— What you will do —
Your answer is the lines below, exactly, from the one that contains "(LEAST i. card" through the one that contains "< (\<Sum>i<length w.", both included.

(Collected data entries)
────────────────

(* Identify the letters $a_i$ with the positive integers $i$. Let $\mathbf{NCQSym}$ be the Hopf algebra with basis $(\mathbf{M}_u)$ indexed by packed words $u$ (including the empty word), where $\mathbf{M}_u=\sum_{\mathrm{tass}(w)=u} w\in\mathbb{K}\langle A\rangle$, with product the product of $\mathbb{K}\langle A\rangle$ and coproduct $\Delta\mathbf{M}_u=\sum_{k=0}^{m}\mathbf{M}_{u_{\le k}}\otimes\mathbf{M}_{\mathrm{tass}(u_{>k})}$, where $m$ is the greatest letter of $u$, $u_{\le k}$ (resp. $u_{>k}$) is the subword of $u$ formed by its letters $\le k$ (resp. $>k$). Let $\mathbf{PQSym}^*$ be the graded dual Hopf algebra of $\mathbf{PQSym}$, with $(\mathbf{G}_{\mathbf a})$ the basis dual to $(\mathbf{F}_{\mathbf a})$. Then the linear map $\mathbf{NCQSym}\to\mathbf{PQSym}^*$, $\mathbf{M}_u\mapsto\sum_{\mathrm{tass}(\mathbf a)=u}\mathbf{G}_{\mathbf a}$ (sum over parking functions $\mathbf a$), is an injective morphism of Hopf algebras.
   Context: $\mathbb{K}$ is a field of characteristic $0$, $A=\{a_1<a_2<\cdots\}$, and $\mathbb{K}\langle A\rangle=\varprojlim \mathbb{K}\langle a_1,\dots,a_n\rangle$. For a word $w$ whose distinct letters are $b_1<\dots<b_r$, $\mathrm{tass}(w)$ is the image of $w$ under the monoid morphism $b_j\mapsto j$; $w$ is packed if $\mathrm{tass}(w)=w$. A parking function of length $n$ is a word $\mathbf a$ of length $n$ over positive integers whose nondecreasing rearrangement $b_1\le\dots\le b_n$ satisfies $b_i\le i$ for all $i$. Parkization: for a word $w$ of length $n$ over positive integers let $d(w)=\min\{i : |\{j: w_j\le i\}|<i\}$; if $d(w)=n+1$ then $\mathrm{park}(w)=w$; otherwise let $w'$ be obtained from $w$ by decreasing by $1$ every letter $>d(w)$, and set $\mathrm{park}(w)=\mathrm{park}(w')$. $\mathbf{PQSym}$ is the Hopf algebra with basis $(\mathbf F_{\mathbf a})$ indexed by parking functions, product $\mathbf F_{\mathbf a'}\mathbf F_{\mathbf a''}=\sum_{\mathbf a\in \mathbf a'\,\sqcup\!\sqcup\,(\mathbf a''[n'])}\mathbf F_{\mathbf a}$, where $n'$ is the length of $\mathbf a'$, $\mathbf a''[n']$ is $\mathbf a''$ with $n'$ added to each letter and $\sqcup\!\sqcup$ is the shuffle product, and coproduct $\Delta\mathbf F_{\mathbf a}=\sum_{\mathbf a=uv}\mathbf F_{\mathrm{park}(u)}\otimes\mathbf F_{\mathrm{park}(v)}$ (sum over factorizations of $\mathbf a$ as a concatenation of two possibly empty words). *)

theory Defs
  imports Main
begin

text \<open>Letters a_i are identified with positive integers i; words are nat lists.\<close>

definition pos_word :: "nat list \<Rightarrow> bool" where
  "pos_word w \<longleftrightarrow> (\<forall>x\<in>set w. 0 < x)"

definition tass :: "nat list \<Rightarrow> nat list" where
  "tass w = map (\<lambda>x. card {y \<in> set w. y \<le> x}) w"

definition packed :: "nat list \<Rightarrow> bool" where
  "packed w \<longleftrightarrow> tass w = w"

text \<open>Parking function: positive letters, nondecreasing rearrangement b with b_i \<le> i (1-indexed).\<close>
definition parking :: "nat list \<Rightarrow> bool" where
  "parking a \<longleftrightarrow> pos_word a \<and> (\<forall>i<length a. sort a ! i \<le> Suc i)"

definition dpark :: "nat list \<Rightarrow> nat" where
  "dpark w = (LEAST i. card {j. j < length w \<and> w ! j \<le> i} < i)"

lemma dpark_le: "dpark w \<le> length w + 1"
proof -
  have "card {j. j < length w \<and> w ! j \<le> length w + 1} \<le> card {..<length w}"
    by (rule card_mono) auto
  then have "card {j. j < length w \<and> w ! j \<le> length w + 1} < length w + 1" by simp
  then show ?thesis unfolding dpark_def by (rule Least_le)
qed

lemma dpark_big:
  assumes "dpark w \<noteq> length w + 1"
  shows "\<exists>j<length w. dpark w < w ! j"
proof (rule ccontr)
  assume "\<not> ?thesis"
  then have "{j. j < length w \<and> w ! j \<le> dpark w} = {..<length w}" by auto
  moreover have "card {j. j < length w \<and> w ! j \<le> dpark w} < dpark w"
  proof -
    have "card {j. j < length w \<and> w ! j \<le> length w + 1} \<le> card {..<length w}"
      by (rule card_mono) auto
    then have "card {j. j < length w \<and> w ! j \<le> length w + 1} < length w + 1" by simp
    then have "\<exists>i. card {j. j < length w \<and> w ! j \<le> i} < i" by blast
    then show ?thesis unfolding dpark_def by (rule LeastI_ex)
  qed
  ultimately have "length w < dpark w" by simp
  with dpark_le[of w] assms show False by simp
qed

lemma park_decr:
  assumes "dpark w \<noteq> length w + 1"
  shows "sum_list (map (\<lambda>x. if dpark w < x then x - 1 else x) w) < sum_list w"
proof -
  obtain j where j: "j < length w" "dpark w < w ! j" using dpark_big[OF assms] by blast
  let ?f = "\<lambda>x. if dpark w < x then x - 1 else x"
  have "sum_list (map ?f w) = (\<Sum>i<length w. ?f (w ! i))"
    by (simp add: sum_list_sum_nth atLeast0LessThan)
  also have "\<dots> < (\<Sum>i<length w. w ! i)"
    by (rule sum_strict_mono_ex1) (use j in auto)
  also have "\<dots> = sum_list w" by (simp add: sum_list_sum_nth atLeast0LessThan)
  finally show ?thesis .
qed

function park :: "nat list \<Rightarrow> nat list" where
  "park w = (if dpark w = length w + 1 then w
             else park (map (\<lambda>x. if dpark w < x then x - 1 else x) w))"
  by auto
termination
  by (relation "measure sum_list") (use park_decr in auto)

declare park.simps[simp del]

text \<open>Elements of PQSym^* (and of its tensor square) are given by their coefficient
  functions in the basis (G_a) (resp. (G_b \<otimes> G_c)), finitely supported on parking functions.\<close>

definition shift :: "nat \<Rightarrow> nat list \<Rightarrow> nat list" where
  "shift n c = map (\<lambda>x. x + n) c"

text \<open>Structure constant of the coproduct of PQSym: coefficient of F_b \<otimes> F_c in \<Delta> F_a.\<close>
definition pq_coprod_coeff :: "nat list \<Rightarrow> nat list \<Rightarrow> nat list \<Rightarrow> nat" where
  "pq_coprod_coeff a b c =
     card {i. i \<le> length a \<and> park (take i a) = b \<and> park (drop i a) = c}"

text \<open>Structure constant of the product of PQSym: coefficient of F_a in F_b F_c
  (shuffles of b and c[n'] are pairwise distinct, their letters being disjoint).\<close>
definition pq_prod_coeff :: "nat list \<Rightarrow> nat list \<Rightarrow> nat list \<Rightarrow> nat" where
  "pq_prod_coeff b c a = (if a \<in> shuffles b (shift (length b) c) then 1 else 0)"

definition pqd_elem :: "(nat list \<Rightarrow> 'k::field) \<Rightarrow> bool" where
  "pqd_elem x \<longleftrightarrow> finite {a. x a \<noteq> 0} \<and> (\<forall>a. x a \<noteq> 0 \<longrightarrow> parking a)"

definition pqd_mult :: "(nat list \<Rightarrow> 'k::field) \<Rightarrow> (nat list \<Rightarrow> 'k) \<Rightarrow> nat list \<Rightarrow> 'k" where
  "pqd_mult x y = (\<lambda>a. if parking a then
      (\<Sum>b\<in>{b. x b \<noteq> 0}. \<Sum>c\<in>{c. y c \<noteq> 0}. x b * y c * of_nat (pq_coprod_coeff a b c))
     else 0)"

definition pqd_coprod :: "(nat list \<Rightarrow> 'k::field) \<Rightarrow> nat list \<times> nat list \<Rightarrow> 'k" where
  "pqd_coprod x = (\<lambda>(b, c). if parking b \<and> parking c then
      (\<Sum>a\<in>{a. x a \<noteq> 0}. x a * of_nat (pq_prod_coeff b c a)) else 0)"

definition pqd_unit :: "nat list \<Rightarrow> 'k::field" where
  "pqd_unit = (\<lambda>a. if a = [] then 1 else 0)"

definition pqd_counit :: "(nat list \<Rightarrow> 'k::field) \<Rightarrow> 'k" where
  "pqd_counit x = x []"

text \<open>Series in K<A>: functions from words to K (only words with positive letters matter).
  Product: the (Cauchy) product of noncommutative series.\<close>
definition ser_mult :: "(nat list \<Rightarrow> 'k::field) \<Rightarrow> (nat list \<Rightarrow> 'k) \<Rightarrow> nat list \<Rightarrow> 'k" where
  "ser_mult f g = (\<lambda>w. \<Sum>i\<le>length w. f (take i w) * g (drop i w))"

definition Mser :: "nat list \<Rightarrow> nat list \<Rightarrow> 'k::field" where
  "Mser u = (\<lambda>w. if pos_word w \<and> tass w = u then 1 else 0)"

text \<open>Elements of NCQSym are given by coefficient functions in the basis (M_u),
  finitely supported on packed words.\<close>
definition ncq_elem :: "(nat list \<Rightarrow> 'k::field) \<Rightarrow> bool" where
  "ncq_elem c \<longleftrightarrow> finite {u. c u \<noteq> 0} \<and> (\<forall>u. c u \<noteq> 0 \<longrightarrow> packed u)"

definition ncq_ser :: "(nat list \<Rightarrow> 'k::field) \<Rightarrow> nat list \<Rightarrow> 'k" where
  "ncq_ser c = (\<lambda>w. \<Sum>u\<in>{u. c u \<noteq> 0}. c u * Mser u w)"

definition maxletter :: "nat list \<Rightarrow> nat" where
  "maxletter u = Max (insert 0 (set u))"

definition ncq_coprod :: "(nat list \<Rightarrow> 'k::field) \<Rightarrow> nat list \<times> nat list \<Rightarrow> 'k" where
  "ncq_coprod c = (\<lambda>(v, w). \<Sum>u\<in>{u. c u \<noteq> 0}. c u * of_nat (card
      {k. k \<le> maxletter u \<and> filter (\<lambda>x. x \<le> k) u = v \<and> tass (filter (\<lambda>x. k < x) u) = w}))"

definition ncq_unit :: "nat list \<Rightarrow> 'k::field" where
  "ncq_unit = (\<lambda>u. if u = [] then 1 else 0)"

definition ncq_counit :: "(nat list \<Rightarrow> 'k::field) \<Rightarrow> 'k" where
  "ncq_counit c = c []"

text \<open>Linear extension of M_u \<mapsto> \<Sum>_{tass(a)=u} G_a (a parking function): the coefficient
  of G_a in the image of \<Sum>_u c_u M_u is c_{tass a}.\<close>
definition phi :: "(nat list \<Rightarrow> 'k::field) \<Rightarrow> nat list \<Rightarrow> 'k" where
  "phi c = (\<lambda>a. if parking a then c (tass a) else 0)"

text \<open>phi \<otimes> phi on coefficient functions of tensors in the bases M_v \<otimes> M_w and G_b \<otimes> G_c.\<close>
definition phi2 :: "(nat list \<times> nat list \<Rightarrow> 'k::field) \<Rightarrow> nat list \<times> nat list \<Rightarrow> 'k" where
  "phi2 T = (\<lambda>(b, c). if parking b \<and> parking c then T (tass b, tass c) else 0)"

end

theory Submission
  imports Defs
begin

────────────────

— Exercise response —
  "dpark w = (LEAST i. card {j. j < length w \<and> w ! j \<le> i} < i)"

lemma dpark_le: "dpark w \<le> length w + 1"
proof -
  have "card {j. j < length w \<and> w ! j \<le> length w + 1} \<le> card {..<length w}"
    by (rule card_mono) auto
  then have "card {j. j < length w \<and> w ! j \<le> length w + 1} < length w + 1" by simp
  then show ?thesis unfolding dpark_def by (rule Least_le)
qed

lemma dpark_big:
  assumes "dpark w \<noteq> length w + 1"
  shows "\<exists>j<length w. dpark w < w ! j"
proof (rule ccontr)
  assume "\<not> ?thesis"
  then have "{j. j < length w \<and> w ! j \<le> dpark w} = {..<length w}" by auto
  moreover have "card {j. j < length w \<and> w ! j \<le> dpark w} < dpark w"
  proof -
    have "card {j. j < length w \<and> w ! j \<le> length w + 1} \<le> card {..<length w}"
      by (rule card_mono) auto
    then have "card {j. j < length w \<and> w ! j \<le> length w + 1} < length w + 1" by simp
    then have "\<exists>i. card {j. j < length w \<and> w ! j \<le> i} < i" by blast
    then show ?thesis unfolding dpark_def by (rule LeastI_ex)
  qed
  ultimately have "length w < dpark w" by simp
  with dpark_le[of w] assms show False by simp
qed

lemma park_decr:
  assumes "dpark w \<noteq> length w + 1"
  shows "sum_list (map (\<lambda>x. if dpark w < x then x - 1 else x) w) < sum_list w"
proof -
  obtain j where j: "j < length w" "dpark w < w ! j" using dpark_big[OF assms] by blast
  let ?f = "\<lambda>x. if dpark w < x then x - 1 else x"
  have "sum_list (map ?f w) = (\<Sum>i<length w. ?f (w ! i))"
    by (simp add: sum_list_sum_nth atLeast0LessThan)
  also have "\<dots> < (\<Sum>i<length w. w ! i)"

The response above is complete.